Terry Brand, a former college coach who now works with AAA teams in Wisconsin voiced his concern recently that youth coaches rarely know how to prepare their teams for high speed competition. They need to understand interval training to help players develop.
"I see youth teams doing tough 'Herbies' - - stops-and-starts that go on so long they're teaching slowness," Brand said. "It's a shame, because skating drills should make kids faster, better skaters."
The interesting thing is Herb Brooks would agree. Unfortunately, the editors of the film "Miracle" chose to spectacularize the conditioning plan for the 1980 Olympic Team. They featured the most dramatic scene -- the night after the game in Norway, when Brooks was mad and skated his players into the ground -- stops and starts that went on so long the janitors actually turned the lights off.
In previous years, Brooks had many days like that at the University of Minnesota - - endless stops-and-starts called 'Herbies.' The rookies would often get sick before Monday practices worrying about how long they were going to skate that afternoon.
But after discussing the merits of these torturous practices, and checking with coaches in track and swimming about interval training, Brooks changed the strategy for conditioning the 1980 team.
From that point on, Brooks re-defined the word "conditioning" to include "forming habits," like Pavlovian conditioning. The habits to be formed prior to competition in the Olympics were habits of competing at full speed for an entire three period game.
Prior to that decision, Brooks believed - - as many coaches still do - - that on-ice conditioning requires hard stops-and-starts that last up to 45 seconds. But this approach fails in every respect to prepare a team for high speed games. It doesn't build anaerobic power or improve quickness, because the repetitions (after the first one) are too slow. It may increase mental toughness, but there are many constructive ways to accomplish that.

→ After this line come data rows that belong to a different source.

lemma measurable_useful_contrib: "useful_contrib \<alpha> D T \<in> borel_measurable (borel \<Otimes>\<^sub>M borel)"
proof -
  have [measurable]: "cball (0::real \<times> real) D \<in> sets borel" by simp
  show ?thesis unfolding useful_contrib_def Let_def by measurable
qed

lemma useful_contrib_superlevel_set:
  fixes g t s \<alpha> D T :: real
  assumes g: "0 < g" and t: "0 < t" and s: "0 < s" and \<alpha>: "0 < \<alpha>" and D: "0 < D" and T: "0 \<le> T"
  shows "{x. t \<le> s * useful_contrib \<alpha> D T (x, g)}
       = cball 0 (min (min_DT \<alpha> D T g) (s * g / t) powr (1 / \<alpha>)) - {0}"
proof -
  define c where "c = min (min_DT \<alpha> D T g) (s * g / t)"
  have c: "0 < c" using min_DT_pos[OF g D T] g t s by (simp add: c_def)
  have nonzero: "t \<le> s * useful_contrib \<alpha> D T (x, g) \<longleftrightarrow> norm x \<le> c powr (1 / \<alpha>)" if "x \<noteq> 0" for x
  proof -
    define q where "q = norm x powr \<alpha>"
    have q: "0 < q" using that by (simp add: q_def)
    have "norm x powr (- \<alpha>) = 1 / q" by (simp add: q_def powr_minus_divide)
    then have "t \<le> s * useful_contrib \<alpha> D T (x, g) \<longleftrightarrow> norm x \<le> D \<and> T \<le> g * (1 / q) \<and> t \<le> s * (g * (1 / q))"
      using t s by (auto simp: useful_contrib_def indicator_def)
    also have "\<dots> \<longleftrightarrow> q \<le> D powr \<alpha> \<and> T * q \<le> g \<and> q \<le> s * g / t"
      using powr_le_powr_iff[of "norm x" D \<alpha>] D \<alpha> q t by (simp add: q_def field_simps)
    also have "\<dots> \<longleftrightarrow> q \<le> c"
      using T g q by (auto simp: c_def min_DT_def field_simps)
    also have "\<dots> \<longleftrightarrow> norm x \<le> c powr (1 / \<alpha>)"
      unfolding q_def using c \<alpha> by (intro le_powr_inverse_iff[symmetric]) auto
    finally show ?thesis .
  qed
  have zero: "\<not> t \<le> s * useful_contrib \<alpha> D T (0, g)" using t by (simp add: useful_contrib_def)
  show ?thesis
  proof (intro set_eqI)
    fix x
    show "x \<in> {x. t \<le> s * useful_contrib \<alpha> D T (x, g)}
        \<longleftrightarrow> x \<in> cball 0 (min (min_DT \<alpha> D T g) (s * g / t) powr (1 / \<alpha>)) - {0}"
      using nonzero[of x] zero by (cases "x = 0") (auto simp: c_def)
  qed
qed

lemma emeasure_cball_minus_centre:
  fixes r :: real assumes "0 \<le> r"
  shows "emeasure lborel (cball (0::real \<times> real) r - {0}) = ennreal (pi * r\<^sup>2)"
proof -
  have "emeasure lborel (cball (0::real \<times> real) r - {0}) = emeasure lborel (cball (0::real \<times> real) r)"
    by (rule emeasure_Diff_null_set) auto
  then show ?thesis using assms by (simp add: emeasure_cball unit_ball_vol_2 power2_eq_square)
qed

lemma emeasure_useful_contrib_superlevel_set:
  fixes g t s \<alpha> D T :: real
  assumes g: "0 < g" and t: "0 < t" and s: "0 < s" and \<alpha>: "0 < \<alpha>" and D: "0 < D" and T: "0 \<le> T"
  shows "emeasure lborel {x. t \<le> s * useful_contrib \<alpha> D T (x, g)}
       = ennreal (pi * min (min_DT \<alpha> D T g) (s * g / t) powr (2 / \<alpha>))"
proof -
  define c where "c = min (min_DT \<alpha> D T g) (s * g / t)"
  have "0 < c" using min_DT_pos[OF g D T] s g t by (simp add: c_def)
  then have "(c powr (1 / \<alpha>))\<^sup>2 = c powr (2 / \<alpha>)"
    by (simp add: powr_realpow[symmetric] powr_powr)
  then show ?thesis
    using useful_contrib_superlevel_set[OF assms] \<alpha>
    by (simp add: c_def emeasure_cball_minus_centre)
qed

definition useful_exponent :: "real \<Rightarrow> real \<Rightarrow> real \<Rightarrow> real \<Rightarrow> real \<Rightarrow> real" where
  "useful_exponent \<alpha> D T s g =
     min_DT \<alpha> D T g powr (2 / \<alpha>) * (1 - exp (- s * g * max_DT \<alpha> D T g))
     + (s * g) powr (2 / \<alpha>) * upper_Gamma (1 - 2 / \<alpha>) (s * g * max_DT \<alpha> D T g)"

lemma measurable_useful_exponent [measurable]: "useful_exponent \<alpha> D T s \<in> borel_measurable borel"
  unfolding useful_exponent_def min_DT_def max_DT_def by measurable

lemma nn_integral_useful_contrib:
  fixes g s \<alpha> D T :: real
  assumes g: "0 \<le> g" and s: "0 < s" and \<alpha>: "2 < \<alpha>" and D: "0 < D" and T: "0 \<le> T"
  shows "(\<integral>\<^sup>+x. ennreal (1 - exp (- (s * useful_contrib \<alpha> D T (x, g)))) \<partial>lborel)
       = ennreal (pi * useful_exponent \<alpha> D T s g)"
proof (cases "g = 0")
  case True
  have "useful_contrib \<alpha> D T (x, 0) = 0" for x by (simp add: useful_contrib_def)
  with True show ?thesis by (simp add: useful_exponent_def)
next
  case False
  with g have g: "0 < g" by simp
  define m where "m = min_DT \<alpha> D T g"
  have m: "0 < m" using min_DT_pos[OF g D T] by (simp add: m_def)
  have level: "emeasure lborel {x. t \<le> s * useful_contrib \<alpha> D T (x, g)}
      = ennreal (pi * min m (s * g / t) powr (2 / \<alpha>))" if "0 < t" for t
    using emeasure_useful_contrib_superlevel_set[OF g that s _ D T] \<alpha> by (simp add: m_def)
  have "(\<integral>\<^sup>+x. ennreal (1 - exp (- (s * useful_contrib \<alpha> D T (x, g)))) \<partial>lborel)
      = (\<integral>\<^sup>+t. ennreal (exp (- t)) * indicator {0..} t
           * emeasure lborel {x \<in> space lborel. t \<le> s * useful_contrib \<alpha> D T (x, g)} \<partial>lborel)"
    using measurable_useful_contrib[of \<alpha> D T] s useful_contrib_nonneg[OF T]
    by (intro nn_integral_one_minus_exp_superlevel lborel.sigma_finite_measure_axioms)
       (auto simp: borel_prod)
  also have "\<dots> = (\<integral>\<^sup>+t. ennreal pi * (ennreal (exp (- t)) * indicator {0<..} t
                    * ennreal (min m (s * g / t) powr (2 / \<alpha>))) \<partial>lborel)"
  proof (rule nn_integral_cong_AE)
    show "AE t in lborel. ennreal (exp (- t)) * indicator {0..} t
        * emeasure lborel {x \<in> space lborel. t \<le> s * useful_contrib \<alpha> D T (x, g)}
      = ennreal pi * (ennreal (exp (- t)) * indicator {0<..} t * ennreal (min m (s * g / t) powr (2 / \<alpha>)))"
      using AE_lborel_singleton[of 0]
    proof eventually_elim
      case (elim t)
      show ?case
      proof (cases "0 < t")
        case True
        then show ?thesis by (simp add: level ennreal_mult'[symmetric] mult_ac)
      qed (use elim in \<open>simp add: indicator_def\<close>)
    qed
  qed
  also have "\<dots> = ennreal pi * ennreal (m powr (2 / \<alpha>) * (1 - exp (- (s * g / m)))
                    + (s * g) powr (2 / \<alpha>) * upper_Gamma (1 - 2 / \<alpha>) (s * g / m))"
    using m s g \<alpha> by (simp add: nn_integral_cmult nn_integral_exp_min_powr)
  also have "\<dots> = ennreal (pi * useful_exponent \<alpha> D T s g)"
    by (simp add: ennreal_mult'[symmetric] useful_exponent_def m_def max_DT_eq_inverse_min_DT[OF g D T])
  finally show ?thesis .
qed
definition unif_cauchy :: "('a \<times> 'a) set set \<Rightarrow> 'a filter \<Rightarrow> bool" where
  "unif_cauchy \<Phi> F \<longleftrightarrow> (\<forall>E\<in>\<Phi>. \<exists>P. eventually P F \<and> (\<forall>x y. P x \<and> P y \<longrightarrow> (x, y) \<in> E))"

definition unif_limit :: "('a \<times> 'a) set set \<Rightarrow> 'a filter \<Rightarrow> 'a \<Rightarrow> bool" where
  "unif_limit \<Phi> F x \<longleftrightarrow> (\<forall>E\<in>\<Phi>. eventually (\<lambda>y. (x, y) \<in> E) F)"

lemma eventually_unif_nhds:
  assumes "uniformity_on X \<Phi>"
  shows "eventually P (unif_nhds \<Phi> x) \<longleftrightarrow> (\<exists>E\<in>\<Phi>. \<forall>y. (x, y) \<in> E \<longrightarrow> P y)"
proof -
  have "eventually P (unif_nhds \<Phi> x) \<longleftrightarrow> (\<exists>E\<in>\<Phi>. eventually P (principal (E `` {x})))"
    unfolding unif_nhds_def
  proof (rule eventually_INF_base)
    show "\<Phi> \<noteq> {}"
      using uniformity_on_top[OF assms] by blast
    fix E E'
    assume "E \<in> \<Phi>" "E' \<in> \<Phi>"
    then show "\<exists>D\<in>\<Phi>. principal (D `` {x}) \<le> inf (principal (E `` {x})) (principal (E' `` {x}))"
      using uniformity_on_Int[OF assms] by (intro bexI[of _ "E \<inter> E'"]) auto
  qed
  then show ?thesis
    by (simp add: eventually_principal Ball_def Image_singleton_iff)
qed

lemma unif_completeD:
  "unif_complete X \<Phi> \<Longrightarrow> F \<noteq> bot \<Longrightarrow> eventually (\<lambda>x. x \<in> X) F \<Longrightarrow> unif_cauchy \<Phi> F \<Longrightarrow>
    \<exists>x\<in>X. unif_limit \<Phi> F x"
  unfolding unif_complete_def unif_cauchy_def unif_limit_def by blast
(* Let $G$ be a finite group and let $M,N_1,N_2$ be normal subgroups of $G$. If $(G,N_1,M)$ and $(G,N_2,M)$ are Camina triples, then $(G,N_1\cap N_2,M)$ is a Camina triple.
   Context: For normal subgroups $M,N$ of a finite group $G$, $(G,N,M)$ is a Camina triple if $1<M\le N<G$ and every $g\in G\setminus N$ is conjugate in $G$ to every element of the coset $gM$. *)

theory Defs
  imports "HOL-Algebra.Algebra"
begin

definition conjugate_in :: "('a, 'b) monoid_scheme \<Rightarrow> 'a \<Rightarrow> 'a \<Rightarrow> bool" where
  "conjugate_in G g h \<longleftrightarrow>
     (\<exists>x\<in>carrier G. x \<otimes>\<^bsub>G\<^esub> g \<otimes>\<^bsub>G\<^esub> inv\<^bsub>G\<^esub> x = h)"

definition camina_triple :: "('a, 'b) monoid_scheme \<Rightarrow> 'a set \<Rightarrow> 'a set \<Rightarrow> bool" where
  "camina_triple G N M \<longleftrightarrow>
     M \<lhd> G \<and> N \<lhd> G \<and>
     M \<noteq> {\<one>\<^bsub>G\<^esub>} \<and> M \<subseteq> N \<and> N \<noteq> carrier G \<and>
     (\<forall>g \<in> carrier G - N. \<forall>h \<in> g <#\<^bsub>G\<^esub> M. conjugate_in G g h)"

end

theory Submission
  imports Defs
begin

text \<open>An element outside \<open>N1 \<inter> N2\<close> lies outside \<open>N1\<close> or outside \<open>N2\<close>, and the
  conjugacy condition of the corresponding triple applies to it.\<close>

lemma (in group) camina_triple_Int:
  assumes C1: "camina_triple G N1 M" and C2: "camina_triple G N2 M"
  shows "camina_triple G (N1 \<inter> N2) M"
proof -
  have N1: "N1 \<lhd> G" and N2: "N2 \<lhd> G" and M: "M \<lhd> G" "M \<noteq> {\<one>}"
    and M_sub: "M \<subseteq> N1" "M \<subseteq> N2" and N1_proper: "N1 \<noteq> carrier G"
    using C1 C2 unfolding camina_triple_def by auto
  have "N1 \<subseteq> carrier G"
    using N1 normal_imp_subgroup subgroup.subset by blast
  then have proper: "N1 \<inter> N2 \<noteq> carrier G"
    using N1_proper by blast
  have "conjugate_in G g h" if "g \<in> carrier G - (N1 \<inter> N2)" "h \<in> g <# M" for g h
  proof (cases "g \<in> N1")
    case True
    with that C2 show ?thesis unfolding camina_triple_def by blast
  next
    case False
    with that C1 show ?thesis unfolding camina_triple_def by blast
  qed
  with normal_subgroup_intersect[OF N1 N2] M M_sub proper show ?thesis
    unfolding camina_triple_def by blast
qed

theorem mainTheorem7:
  fixes G (structure)
  assumes "group G" and "finite (carrier G)"
    and "M \<lhd> G" and "N1 \<lhd> G" and "N2 \<lhd> G"
    and "camina_triple G N1 M" and "camina_triple G N2 M"
  shows "camina_triple G (N1 \<inter> N2) M"
  using group.camina_triple_Int[OF assms(1,6,7)] .

end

Consider the major goal of a conditioning plan. Every coach would say, "I want my team to play fast for the entire game -- to maintain the highest level of skill and tenacity -- and to be as mentally sharp on the last shift as the first."
OK. The first goal is learning to skate faster, but when we do stops-and-starts lasting longer than 15-20 seconds, we're teaching slowness. This is what Coach Brand observes in youth practices that copy the Hollywood model of that late-night skate in Norway.
To play faster and more skillfully, the practices must reinforce 'quality' habits over and over again for several months. This was the essential ingredient of Brooks' plan for the 1980 team. Every practice featured two hours of uncomfortably fast drills that required skating, passing, shooting, and quick decisions.
Listen closely to Mike Eruzione in the interview on the supplemental DVD which accompanies the movie. The captain of the 1980 team said, "Our practices were fun … yet they were hard. We were actually doing the conditioning and didn't even know it (while we did team flow drills up and down the ice for two hours)."
In-season conditioning means "forming habits" you want to repeat in a game. By keeping this pace up for an entire practice, you are building high speed endurance for an entire game.
It is an exercise in ivory tower irrelevance to attach definitions of aerobic or anaerobic endurance to this process. This is "hockey endurance" -- or “getting in hockey shape” as players refer to it.
The physiological adaptations that allow players to recover quickly and repeat with quality for hours, the systemic endurance conditioning, is a byproduct of the entire overspeed interval practice, not the consequence of one or two or ten killer skating drills. At times, coach Brooks used 'Herbies' for discipline and mental toughness, not for conditioning.
In youth hockey, skating drills should never be used for discipline, because at this age habits are being formed with every repetition.
Understanding interval training is important. Each work interval must have the highest possible intensity, and the rest intervals need to be long enough to allow for quality repetition after repetition. To ensure that endurance is also improved, the rest intervals cannot be so long that the heart rate drops below a training level - - 70% of maximum. On a conditioning day, the explanations by the coach are kept to a minimum.
This is the art and science of preparing a team to compete in the fastest competition in hockey, the Olympic games, the Stanley Cup playoffs, or the playoffs at any level. This is where Herb Brooks was smarter than the Hollywood writers who saw great camera appeal in that torturous night of skating drills in Norway.
For psychological reasons, that night was probably a defining moment in the seven-month preparation season. However, it was not a significant event in the conditioning process that allowed the team to skate with the Russians for three periods and come back two days later to do the same thing in the Gold Medal game with Finland.
As Brooks would say many times, "It is not enough to train hard; you must train intelligently as well."